Symptom: A new deployment is stuck with pods showing Init:CrashLoopBackOff. The deployment includes multiple containers and you need to identify which specific container is failing.

Your task: Use the playbook to debug multi-container pod failures and get the deployment running.

Time limit: 12 minutes

This incident maps directly to init-container exam patterns such as 34-jerry-init-container-stuck.

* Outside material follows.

(* Let $0<\alpha<1$ and let $\lambda>0$, $k>0$, $m>0$, $h>0$, $C<D$ (with $D>0$) be constants. Let $$K(\eta)=\eta\left[1-W\!\left(-\eta,-\tfrac{\alpha}{2},1\right)+\frac{m}{h\lambda\Gamma(1-\alpha/2)}\right]\frac{1}{M_{\alpha/2}(\eta)},\quad \eta>0,$$ and let $\tilde\eta$ be the unique positive solution of $K(\eta)=\frac{k}{\lambda^2}\frac{\Gamma(1-\frac{\alpha}{2})}{\Gamma(1+\frac{\alpha}{2})}(D-C)$. Set $$B=D-(D-C)\frac{m}{h\lambda\Gamma(1-\alpha/2)}\cdot\frac{1}{1-W\!\left(-\tilde\eta,-\frac{\alpha}{2},1\right)+\frac{m}{h\lambda\Gamma(1-\alpha/2)}}.$$ Consider problem (P1): find $u,s$ with $D^{\alpha}_t u=\lambda^2u_{xx}$ for $0<x<s(t)$, $t>0$; $u(0,t)=B$; $u(s(t),t)=C$; $D^{\alpha}s(t)=-k u_x(s(t),t)$ for $t>0$; $s(0)=0$. Consider problem (P3): find $u,s$ with $D^{\alpha}_t u=\lambda^2u_{xx}$ for $0<x<s(t)$, $t>0$; $m\,u_x(0,t)=\frac{h}{t^{\alpha/2}}(u(0,t)-D)$; $u(s(t),t)=C$; $D^{\alpha}s(t)=-k u_x(s(t),t)$ for $t>0$; $s(0)=0$ (with the same $C$). Then problems (P1) and (P3) are equivalent: the solution of (P1) $$u_1(x,t)=B+\frac{C-B}{1-W(-\tilde\xi,-\frac{\alpha}{2},1)}\left[1-W\!\left(-\frac{x}{\lambda t^{\alpha/2}},-\frac{\alpha}{2},1\right)\right],\quad s_1(t)=\lambda\tilde\xi t^{\alpha/2},$$ where $\tilde\xi$ is the unique positive solution of $H(\xi)=-\frac{k}{\lambda^2}\frac{\Gamma(1-\frac{\alpha}{2})}{\Gamma(1+\frac{\alpha}{2})}(C-B)$ with $H(\xi)=\xi\left[1-W(-\xi,-\frac{\alpha}{2},1)\right]\frac{1}{M_{\alpha/2}(\xi)}$, coincides with the solution of (P3) $$u_3(x,t)=D-\frac{(D-C)\left[1-W\!\left(-\frac{x}{\lambda t^{\alpha/2}},-\frac{\alpha}{2},1\right)+\frac{m}{h\lambda\Gamma(1-\alpha/2)}\right]}{1-W\!\left(-\tilde\eta,-\frac{\alpha}{2},1\right)+\frac{m}{h\lambda\Gamma(1-\alpha/2)}},\quad s_3(t)=\lambda\tilde\eta t^{\alpha/2};$$ that is, $\tilde\xi=\tilde\eta$, $s_1=s_3$ and $u_1=u_3$.
   Context: For $0<\alpha<1$, the Caputo fractional derivative of a differentiable $f$ is $D^{\alpha}f(t)=\frac{1}{\Gamma(1-\alpha)}\int_0^t (t-\tau)^{-\alpha}f'(\tau)\,d\tau$; $D^{\alpha}_t u(x,t)$ denotes it in the variable $t$. The Wright function is $W(z,a,b)=\sum_{n\ge0}\frac{z^n}{n!\,\Gamma(an+b)}$ ($a>-1$), and the Mainardi function is $M_\nu(z)=W(-z,-\nu,1-\nu)$. *)

theory Defs
  imports "HOL-Analysis.Analysis"
begin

Instructor: Inject this fault
./instructor/inject-multi-container-failure.sh

Verify fault:

kubectl -n sprint-lab get pods
# multi-container-app should show Init:CrashLoopBackOff

Scorecard

Record your findings for each incident in starter/sprint-scorecard.md.

Passing criteria:

  • At least 4 of 5 incidents resolved within time limits
  • Each incident includes the correct runbook reference
  • Evidence commands and verification steps documented
  • No "blind fixes" — every fix must include root cause identification

Time management tips:

  • If stuck on one incident for >8 minutes, record partial findings and move on
  • The playbook runbooks are designed for 5-7 minute resolution when followed systematically
  • Practice the triage sequences until they become muscle memory

Verification Checklist

You are done when:

  • At least 4 of 5 incidents are resolved within time limits
  • Each incident references the correct troubleshooting runbook
  • Evidence commands and symptom-level verification are documented
  • Root cause is stated for every completed incident

Cleanup

kubectl delete namespace sprint-lab
kubectl delete pod test-schedule --ignore-not-found
kubectl delete pod dns-test --ignore-not-found

# Clean up any remaining taints
for node in $(kubectl get nodes -o name | cut -d/ -f2); do
  kubectl taint node "$node" sprint=blocked:NoSchedule- 2>/dev/null || true
done

# Restore CoreDNS if needed
if [ -f /tmp/coredns-backup.yaml ]; then
  kubectl apply -f /tmp/coredns-backup.yaml
  kubectl -n kube-system rollout restart deployment/coredns
  rm -f /tmp/coredns-backup.yaml
fi

# Restore scheduler if needed
NODE=$(kubectl get nodes -o name | grep control-plane | head -1 | cut -d/ -f2)
if docker exec "$NODE" test -f /tmp/kube-scheduler-backup.yaml; then
  docker exec "$NODE" cp /tmp/kube-scheduler-backup.yaml /etc/kubernetes/manifests/kube-scheduler.yaml
fi

Reinforcement Scenarios

After completing this lab, practice these individual scenarios to reinforce specific skills:

  • gymctl start jerry-coredns-loop — DNS/CoreDNS troubleshooting
  • gymctl start jerry-node-notready-kubelet — Node health recovery
  • gymctl start jerry-etcd-snapshot-missing — Control plane backup/restore
  • gymctl start jerry-pod-unschedulable-taint — Scheduling constraints
  • gymctl start jerry-static-pod-misconfigured — Static pod debugging
  • gymctl start jerry-container-log-mystery — Multi-container log analysis
  • gymctl start 34-jerry-init-container-stuck — Init:CrashLoopBackOff root-cause triage
  • gymctl start jerry-resource-hog-hunt — Resource monitoring and cleanup
  • gymctl start 37-jerry-scheduler-missing — Control-plane scheduling outage triage

Goal: Build the systematic troubleshooting mindset that the CKA exam requires. Each playbook runbook should become an automatic response to its symptom pattern.